▸ WHAT TO WORK ON
Your task is to transcribe the entries below exactly, beginning with the line containing "finite E \<and>" and ending with the final line, and to add nothing else.

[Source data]
(* Let $\Phi$ be a real, additive gain graph on $\{1,\dots,n\}$ with edge set $E$ and let $\mathbf{Q}\in(\mathbb{E}^d)^n$. If $\mathbf{Q}$ has ideal general position and, for every edge set $S\subseteq E$ that is a forest with $d+1$ edges, $\bigcap_{e\in S}h(e)=\emptyset$ in $\mathcal{H}(\Phi;\mathbf{Q})$, then $\mathbf{Q}$ has general position with respect to $\Phi$.
   Context: A real, additive gain graph $\Phi$ on $V=\{1,\dots,n\}$: finite graph with edge set $E$ (multiple edges allowed, every edge with two distinct endpoints) and gains $\phi(e;i,j)\in\mathbb{R}$ with $\phi(e;j,i)=-\phi(e;i,j)$. $S\subseteq E$ is balanced if every circle in $S$ has gain sum $0$ (read consistently); a forest is an edge set containing no circle; $c(S)$ counts components of $(V,S)$, isolated vertices included. With $\psi_{ij}(P)=d(P,Q_i)^2-d(P,Q_j)^2$, $\mathcal{H}(\Phi;\mathbf{Q})$ consists of the hyperplanes $h(e)=\{P:\psi_{ij}(P)=\phi(e;i,j)\}$ for edges $e$ with endpoints $i,j$. $\mathcal{L}(\mathcal{H})$: nonempty intersections of subsets of $\mathcal{H}$ (including $\mathbb{E}^d$) ordered by reverse inclusion; $E(s)=\{e:h(e)\supseteq s\}$. Ideal general position: the points are distinct and, with $\mathbb{E}^d\subset\mathbb{P}^d$, $h_\infty$ the ideal hyperplane and $p_{ij}$ the ideal point of line $Q_iQ_j$, for every set $T$ of unordered pairs the projective span of $\{p_{ij}:\{i,j\}\in T\}$ has dimension $\min(n-c(T),d)-1$, $c(T)$ being the number of components of $(\{1,\dots,n\},T)$. A balanced flat is a balanced $S\subseteq E$ such that every $e\notin S$ with both endpoints in one component of $(V,S)$ makes $S\cup\{e\}$ unbalanced; rank $n-c(S)$. General position with respect to $\Phi$: $s\mapsto E(s)$ is a poset isomorphism from $\mathcal{L}(\mathcal{H}(\Phi;\mathbf{Q}))$ onto the poset (by inclusion) of balanced flats of rank at most $d$. *)

theory Defs
  imports "HOL-Analysis.Analysis"
begin

(* A real additive gain graph on V = {1..n}:
   E :: 'e set (finite; parallel edges allowed since edges are abstract),
   ends e = (i,j) with i \<noteq> j, both in {1..n}   (a reference orientation of e),
   gain e = \<phi>(e;i,j) for ends e = (i,j); hence \<phi>(e;j,i) = - gain e. *)

definition gain_graph :: "nat \<Rightarrow> 'e set \<Rightarrow> ('e \<Rightarrow> nat \<times> nat) \<Rightarrow> bool" where
  "gain_graph n E ends \<longleftrightarrow> finite E \<and>
     (\<forall>e\<in>E. fst (ends e) \<in> {1..n} \<and> snd (ends e) \<in> {1..n} \<and> fst (ends e) \<noteq> snd (ends e))"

▸ ANSWER
  "gain_graph n E ends \<longleftrightarrow> finite E \<and>
     (\<forall>e\<in>E. fst (ends e) \<in> {1..n} \<and> snd (ends e) \<in> {1..n} \<and> fst (ends e) \<noteq> snd (ends e))"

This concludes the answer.